When High Repair Costs Total Your Car, What Happens to Your Loan?
- March 30, 2018
- Posted by: Mike Brown
- Category: Auto Loan News
Recent statistics revealed that motor vehicle repair prices are 61.07% higher in 2017 than they were in 2000.
Car repairs can be unplanned and pricey, and today’s expensive new car prices and replacement parts costs are making them even pricier. While the old adage “Buyer Beware” still holds true for car buyers, the saying, “Buyer Be Ready” might be more relevant.
Rising Prices All Around
In 2017, motor vehicle repair prices were 61.07 percent higher as compared to 2000, according to U.S. Bureau of Labor Statistics data. This comes as the average new car sticker price is more than $36,000, according to Kelley Blue Book. Factor in 86 percent of new car buyers taking out a loan to make the purchase and you have an expensive investment.

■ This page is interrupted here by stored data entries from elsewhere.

(* If the toric algebra $A_{\mathscr{E}}$ is consistent, then every arrow of $Q$ lies on some anticanonical cycle, and hence appears in a term of the superpotential $W=\sum_{p\text{ anticanonical}}p$.
   Context: Let $\mathbb{k}$ be an algebraically closed field and $X=\operatorname{Spec}R$ a normal affine toric variety of dimension $n$ with a torus-fixed point, $R=\mathbb{k}[\sigma^\vee\cap M]$, $\sigma\subset N\otimes\mathbb{R}$ strongly convex rational polyhedral. Let $\sigma(1)$ be the rays, $d=|\sigma(1)|$, $v_\rho$ primitive generators, $D_\rho$ toric prime divisors, torus-invariant divisors identified with $\mathbb{Z}^d$, $\deg:\mathbb{Z}^d\to\operatorname{Cl}(X)$ the class map. Cox ring $\mathbb{k}[x_\rho]$, $x^D=\prod x_\rho^{D_\rho}$. Assume $X$ is Gorenstein: $(1,\dots,1)\in\mathbb{Z}^d$ lies in the image of $M$ under $u\mapsto\sum\langle u,v_\rho\rangle D_\rho$. Let $\mathscr{E}=(E_0=\mathcal{O}_X,E_1,\dots,E_r)$ be pairwise distinct rank one reflexive sheaves, $E_i=\mathcal{O}_X(D_i')$, and $Q$ its quiver of sections: vertices $0,\dots,r$; an arrow $a:i\to j$ with label $\operatorname{div}(a)\in\mathbb{N}^d$ for each irreducible $T_M$-invariant section $x^{\operatorname{div}(a)}$ of $\operatorname{Hom}(E_i,E_j)\cong H^0(\mathcal{O}_X(D_j'-D_i'))$ (irreducible: not in the image of multiplication through any $E_k$, $k\neq i,j$). Paths compose right to left; $\operatorname{div}(p)$ is the sum of labels of arrows of $p$. $J_{\mathscr{E}}$ is generated by $p^+-p^-$ over pairs of paths with equal head, tail and label; $A_{\mathscr{E}}=\mathbb{k}Q/J_{\mathscr{E}}$. A cycle $p$ is anticanonical if $x^{\operatorname{div}(p)}=\prod_\rho x_\rho$; $W\in\mathbb{k}Q/[\mathbb{k}Q,\mathbb{k}Q]$ is the sum of all anticanonical cycles. For a path $q$, $\partial_qW$ is the sum of all paths $p$ such that $pq$ is an anticanonical cycle. $\mathscr{P}$ is the set of paths $q$ with $\partial_qW$ a sum of precisely two paths sharing neither initial nor final arrow; $J_W$ is generated by $p^+-p^-$ whenever $\partial_qW=p^++p^-$, $q\in\mathscr{P}$. $A_{\mathscr{E}}$ is consistent if $J_W=J_{\mathscr{E}}$. *)

theory Defs
  imports "HOL-Analysis.Analysis" "HOL-Computational_Algebra.Polynomial" "HOL-Library.Function_Algebras"
begin

text \<open>Combinatorial model of a normal affine toric variety X = Spec k[sigma-dual cap M].
 The lattice N = M is 'n => int (with 'n a finite index type, n = CARD('n));
 the rays of sigma are indexed by a finite type 'r (d = CARD('r)), with primitive
 generators v rho. Torus-invariant Weil divisors are 'r => int (= Z^d).\<close>

definition pairing :: "('n::finite \<Rightarrow> int) \<Rightarrow> ('n \<Rightarrow> int) \<Rightarrow> int" where
  "pairing u w = (\<Sum>i\<in>UNIV. u i * w i)"

definition divM :: "('r \<Rightarrow> 'n::finite \<Rightarrow> int) \<Rightarrow> ('n \<Rightarrow> int) \<Rightarrow> ('r \<Rightarrow> int)" where
  "divM v u = (\<lambda>\<rho>. pairing u (v \<rho>))"

definition lin_equiv :: "('r \<Rightarrow> 'n::finite \<Rightarrow> int) \<Rightarrow> ('r \<Rightarrow> int) \<Rightarrow> ('r \<Rightarrow> int) \<Rightarrow> bool" where
  "lin_equiv v A B \<longleftrightarrow> (\<exists>u. A - B = divM v u)"

definition realvec :: "('r \<Rightarrow> 'n::finite \<Rightarrow> int) \<Rightarrow> 'r \<Rightarrow> real ^ 'n" where
  "realvec v \<rho> = (\<chi> i. real_of_int (v \<rho> i))"

text \<open>v lists exactly the primitive ray generators of a strongly convex rational polyhedral
 cone sigma (the cone they generate) which is full dimensional (torus-fixed point).\<close>
definition toric_cone_rays :: "('r::finite \<Rightarrow> 'n::finite \<Rightarrow> int) \<Rightarrow> bool" where
  "toric_cone_rays v \<longleftrightarrow>
     inj v
   \<and> (\<forall>\<rho> (k::int). (\<forall>i. k dvd v \<rho> i) \<longrightarrow> is_unit k)
   \<and> (\<forall>\<rho>. \<not> (\<exists>c::'r \<Rightarrow> real. (\<forall>\<rho>'. c \<rho>' \<ge> 0) \<and>
              realvec v \<rho> = (\<Sum>\<rho>'\<in>UNIV - {\<rho>}. c \<rho>' *\<^sub>R realvec v \<rho>')))
   \<and> (\<forall>c::'r \<Rightarrow> real. (\<forall>\<rho>. c \<rho> \<ge> 0) \<and> (\<Sum>\<rho>\<in>UNIV. c \<rho> *\<^sub>R realvec v \<rho>) = 0
          \<longrightarrow> (\<forall>\<rho>. c \<rho> = 0))
   \<and> span (range (realvec v)) = UNIV"

definition gorenstein :: "('r \<Rightarrow> 'n::finite \<Rightarrow> int) \<Rightarrow> bool" where
  "gorenstein v \<longleftrightarrow> (\<exists>u. divM v u = (\<lambda>_. 1))"

definition alg_closed_field :: "'k::field itself \<Rightarrow> bool" where
  "alg_closed_field _ \<longleftrightarrow> (\<forall>p::'k poly. degree p > 0 \<longrightarrow> (\<exists>x. poly p x = 0))"

text \<open>T_M-invariant sections of Hom(O(A),O(B)) = H^0(O(B-A)) are the monomials x^E with
 E in N^d effective and linearly equivalent to B - A.\<close>
definition is_section :: "('r \<Rightarrow> 'n::finite \<Rightarrow> int) \<Rightarrow> ('r \<Rightarrow> int) \<Rightarrow> ('r \<Rightarrow> int) \<Rightarrow> ('r \<Rightarrow> nat) \<Rightarrow> bool" where
  "is_section v A B E \<longleftrightarrow> lin_equiv v (\<lambda>\<rho>. int (E \<rho>)) (B - A)"

text \<open>Collection E_i = O(D i), i = 0..r. Irreducible sections (nonzero label; the identity
 section is the trivial path, not an arrow).\<close>
definition irreducible_sec ::
  "('r \<Rightarrow> 'n::finite \<Rightarrow> int) \<Rightarrow> (nat \<Rightarrow> 'r \<Rightarrow> int) \<Rightarrow> nat \<Rightarrow> nat \<Rightarrow> nat \<Rightarrow> ('r \<Rightarrow> nat) \<Rightarrow> bool" where
  "irreducible_sec v D r i j E \<longleftrightarrow>
     E \<noteq> 0 \<and> is_section v (D i) (D j) E \<and>
     \<not> (\<exists>k\<le>r. k \<noteq> i \<and> k \<noteq> j \<and> (\<exists>E1 E2. is_section v (D i) (D k) E1 \<and>
                   is_section v (D k) (D j) E2 \<and> E = E1 + E2))"

type_synonym 'r arrow = "nat \<times> nat \<times> ('r \<Rightarrow> nat)"   (* (tail, head, label) *)
type_synonym 'r qpath = "nat \<times> 'r arrow list"        (* (tail vertex, arrows in order traversed) *)

definition arrows :: "('r \<Rightarrow> 'n::finite \<Rightarrow> int) \<Rightarrow> (nat \<Rightarrow> 'r \<Rightarrow> int) \<Rightarrow> nat \<Rightarrow> 'r arrow set" where
  "arrows v D r = {(i, j, E). i \<le> r \<and> j \<le> r \<and> irreducible_sec v D r i j E}"

fun chain :: "'r arrow set \<Rightarrow> nat \<Rightarrow> 'r arrow list \<Rightarrow> bool" where
  "chain A s [] = True"
| "chain A s ((i, j, E) # as) = (i = s \<and> (i, j, E) \<in> A \<and> chain A j as)"

fun endv :: "nat \<Rightarrow> 'r arrow list \<Rightarrow> nat" where
  "endv s [] = s"
| "endv s ((i, j, E) # as) = endv j as"

definition is_path :: "('r \<Rightarrow> 'n::finite \<Rightarrow> int) \<Rightarrow> (nat \<Rightarrow> 'r \<Rightarrow> int) \<Rightarrow> nat \<Rightarrow> 'r qpath \<Rightarrow> bool" where
  "is_path v D r p \<longleftrightarrow> fst p \<le> r \<and> chain (arrows v D r) (fst p) (snd p)"

definition ptail :: "'r qpath \<Rightarrow> nat" where "ptail p = fst p"
definition phead :: "'r qpath \<Rightarrow> nat" where "phead p = endv (fst p) (snd p)"

definition pdiv :: "'r qpath \<Rightarrow> ('r \<Rightarrow> nat)" where
  "pdiv p = sum_list (map (\<lambda>(i, j, E). E) (snd p))"

text \<open>pcomp p q is the path "p q": first q, then p (composition right to left).\<close>
definition pcomp :: "'r qpath \<Rightarrow> 'r qpath \<Rightarrow> 'r qpath" where
  "pcomp p q = (ptail q, snd q @ snd p)"

definition anticanonical :: "('r \<Rightarrow> 'n::finite \<Rightarrow> int) \<Rightarrow> (nat \<Rightarrow> 'r \<Rightarrow> int) \<Rightarrow> nat \<Rightarrow> 'r qpath \<Rightarrow> bool" where
  "anticanonical v D r p \<longleftrightarrow> is_path v D r p \<and> phead p = ptail p \<and> pdiv p = (\<lambda>_. 1)"

text \<open>The set of paths p occurring in the formal sum partial_q W: pq is an anticanonical cycle.\<close>
definition dW :: "('r \<Rightarrow> 'n::finite \<Rightarrow> int) \<Rightarrow> (nat \<Rightarrow> 'r \<Rightarrow> int) \<Rightarrow> nat \<Rightarrow> 'r qpath \<Rightarrow> 'r qpath set" where
  "dW v D r q = {p. is_path v D r p \<and> ptail p = phead q \<and> anticanonical v D r (pcomp p q)}"

text \<open>partial_q W = p1 + p2 with p1, p2 sharing neither initial nor final arrow.\<close>
definition two_term :: "('r \<Rightarrow> 'n::finite \<Rightarrow> int) \<Rightarrow> (nat \<Rightarrow> 'r \<Rightarrow> int) \<Rightarrow> nat \<Rightarrow> 'r qpath \<Rightarrow> 'r qpath \<Rightarrow> 'r qpath \<Rightarrow> bool" where
  "two_term v D r q p1 p2 \<longleftrightarrow> is_path v D r q \<and> dW v D r q = {p1, p2} \<and> p1 \<noteq> p2 \<and>
     snd p1 \<noteq> [] \<and> snd p2 \<noteq> [] \<and> hd (snd p1) \<noteq> hd (snd p2) \<and> last (snd p1) \<noteq> last (snd p2)"

text \<open>Path algebra kQ: elements are (finitely supported) functions from paths to k;
 basis vector of a path, and left/right multiplication by a path.\<close>
definition bvec :: "'r qpath \<Rightarrow> ('r qpath \<Rightarrow> 'k::field)" where
  "bvec p = (\<lambda>w. if w = p then 1 else 0)"

definition lmult :: "'r qpath \<Rightarrow> ('r qpath \<Rightarrow> 'k::field) \<Rightarrow> ('r qpath \<Rightarrow> 'k)" where
  "lmult u f = (\<lambda>w. if (\<exists>p. phead p = ptail u \<and> w = pcomp u p)
                    then f (THE p. phead p = ptail u \<and> w = pcomp u p) else 0)"

definition rmult :: "('r qpath \<Rightarrow> 'k::field) \<Rightarrow> 'r qpath \<Rightarrow> ('r qpath \<Rightarrow> 'k)" where
  "rmult f u = (\<lambda>w. if (\<exists>p. phead u = ptail p \<and> w = pcomp p u)
                    then f (THE p. phead u = ptail p \<and> w = pcomp p u) else 0)"

inductive_set ideal_gen :: "('r qpath \<Rightarrow> bool) \<Rightarrow> ('r qpath \<Rightarrow> 'k::field) set \<Rightarrow> ('r qpath \<Rightarrow> 'k) set"
  for P G where
  gen: "g \<in> G \<Longrightarrow> g \<in> ideal_gen P G"
| zero: "0 \<in> ideal_gen P G"
| add: "f \<in> ideal_gen P G \<Longrightarrow> h \<in> ideal_gen P G \<Longrightarrow> f + h \<in> ideal_gen P G"
| smult: "f \<in> ideal_gen P G \<Longrightarrow> (\<lambda>w. c * f w) \<in> ideal_gen P G"
| lmult: "f \<in> ideal_gen P G \<Longrightarrow> P u \<Longrightarrow> lmult u f \<in> ideal_gen P G"
| rmult: "f \<in> ideal_gen P G \<Longrightarrow> P u \<Longrightarrow> rmult f u \<in> ideal_gen P G"

definition J_E :: "'k::field itself \<Rightarrow> ('r \<Rightarrow> 'n::finite \<Rightarrow> int) \<Rightarrow> (nat \<Rightarrow> 'r \<Rightarrow> int) \<Rightarrow> nat \<Rightarrow> ('r qpath \<Rightarrow> 'k) set" where
  "J_E _ v D r = ideal_gen (is_path v D r)
     {bvec p - bvec p' | p p'. is_path v D r p \<and> is_path v D r p' \<and> ptail p = ptail p' \<and>
                             phead p = phead p' \<and> pdiv p = pdiv p'}"

definition J_W :: "'k::field itself \<Rightarrow> ('r \<Rightarrow> 'n::finite \<Rightarrow> int) \<Rightarrow> (nat \<Rightarrow> 'r \<Rightarrow> int) \<Rightarrow> nat \<Rightarrow> ('r qpath \<Rightarrow> 'k) set" where
  "J_W _ v D r = ideal_gen (is_path v D r)
     {bvec p1 - bvec p2 | q p1 p2. two_term v D r q p1 p2}"

definition consistent :: "'k::field itself \<Rightarrow> ('r \<Rightarrow> 'n::finite \<Rightarrow> int) \<Rightarrow> (nat \<Rightarrow> 'r \<Rightarrow> int) \<Rightarrow> nat \<Rightarrow> bool" where
  "consistent K v D r \<longleftrightarrow> J_W K v D r = J_E K v D r"

end

theory Submission
  imports Defs
begin

text \<open>Suppose the arrow a lies on no anticanonical cycle. For an element f of kQ and
  vertices s, t, sum the coefficients of f over the paths from s to t that avoid a.
  These sums vanish on the generators of J_W (both terms of a two-term derivative are
  completed to anticanonical cycles by the same path, so both avoid a and have the same
  ends), and their vanishing is preserved by the ideal operations. On the other hand, by
  the Gorenstein property a extends to a cycle of label (m,...,m), and so does the m-th
  power of an anticanonical cycle at the tail of a; their difference lies in J_E but not
  in J_W.\<close>

lemma endv_append: "endv s (xs @ ys) = endv (endv s xs) ys"
  by (induction s xs rule: endv.induct) auto

lemma chain_append: "chain A s (xs @ ys) \<longleftrightarrow> chain A s xs \<and> chain A (endv s xs) ys"
  by (induction A s xs rule: chain.induct) auto

lemma ptail_pcomp [simp]: "ptail (pcomp p q) = ptail q"
  by (simp add: pcomp_def ptail_def)

lemma phead_pcomp [simp]: "ptail p = phead q \<Longrightarrow> phead (pcomp p q) = phead p"
  by (simp add: pcomp_def ptail_def phead_def endv_append)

If these new cars endure damage from an accident, get ready to shell out more money for repairs. Why the greater expense these days? This comes from replacement costs for technology-based safety features such as blind-spot warning systems with sensors, camera-embedded bumpers, and airbags.
But it can be worse to own an older car with a lower value as insurance adjusters might consider a car’s damage as totaled — even with little car body damage. A totaled vehicle can be defined as repair costs plus scrap value either equals or exceeds a car’s pre-accident value, according to Insurance.com. In cases like this, insurance payouts might not fully cover the cost of a replacement — and your car loan won’t disappear on its own.
Keep Paying the Auto Loan
For vehicle owners with an outstanding car loan, there will be no loan forgiveness with a totaled car. Insurance.com noted if a car has been totaled and the amount due on the loan is greater than the car’s value, the insurance company will pay out the car’s actual cash value (defined as the market value prior to damage from the accident). But it won’t pay more than the car’s value when it is a total loss.
Say you’re carrying a $20,000 car loan on a car valued at $15,000 when an accident occurred, plus a $1,000 insurance deductible. Insurance might pay you $14,000 for the totaled car. However, the check will go to the car owner and lender to be signed and mailed to the finance company — or sometimes it goes straight to the bank. In the end, the lender will be waiting for the $6,000 loan balance from the car owner’s pocket.
Expanding Black Market for Car Parts
Amid high prices from technological components, critical car parts are also rising and spurring a jump in car thefts: a 4 percent-plus rise in 2017, according to recent data from the National Insurance Crime Bureau. “Chop-shop rings” are breaking down parts from stolen cars and then selling them on the black market.
This is because the parts are usually worth more than the vehicle as a whole and are easier to unload, NICB Senior Vice President and COO Jim Schweitzer said in a recent press release. “That's why we see so many thefts of key items like wheels and tires and tailgates...there's always a market for them.”
Just how expensive are parts? A stolen 2016 Toyota Camry midsize sedan (recognized as 2016’s most-stolen new car), could carry an almost $11,000 average repair bill thanks to its expensive parts ($1,700 for a quarter panel, anyone?), according to the NICB.
It gets worse. For a 2016 GMC Sierra pickup truck, its total cost for replacement sits at $21,000.
What’s a consumer to do? For one, you can consider adding gap insurance to your car insurance policy. That might ensure you’re paid the difference between the actual cash value and the balance you owe on a lease or loan.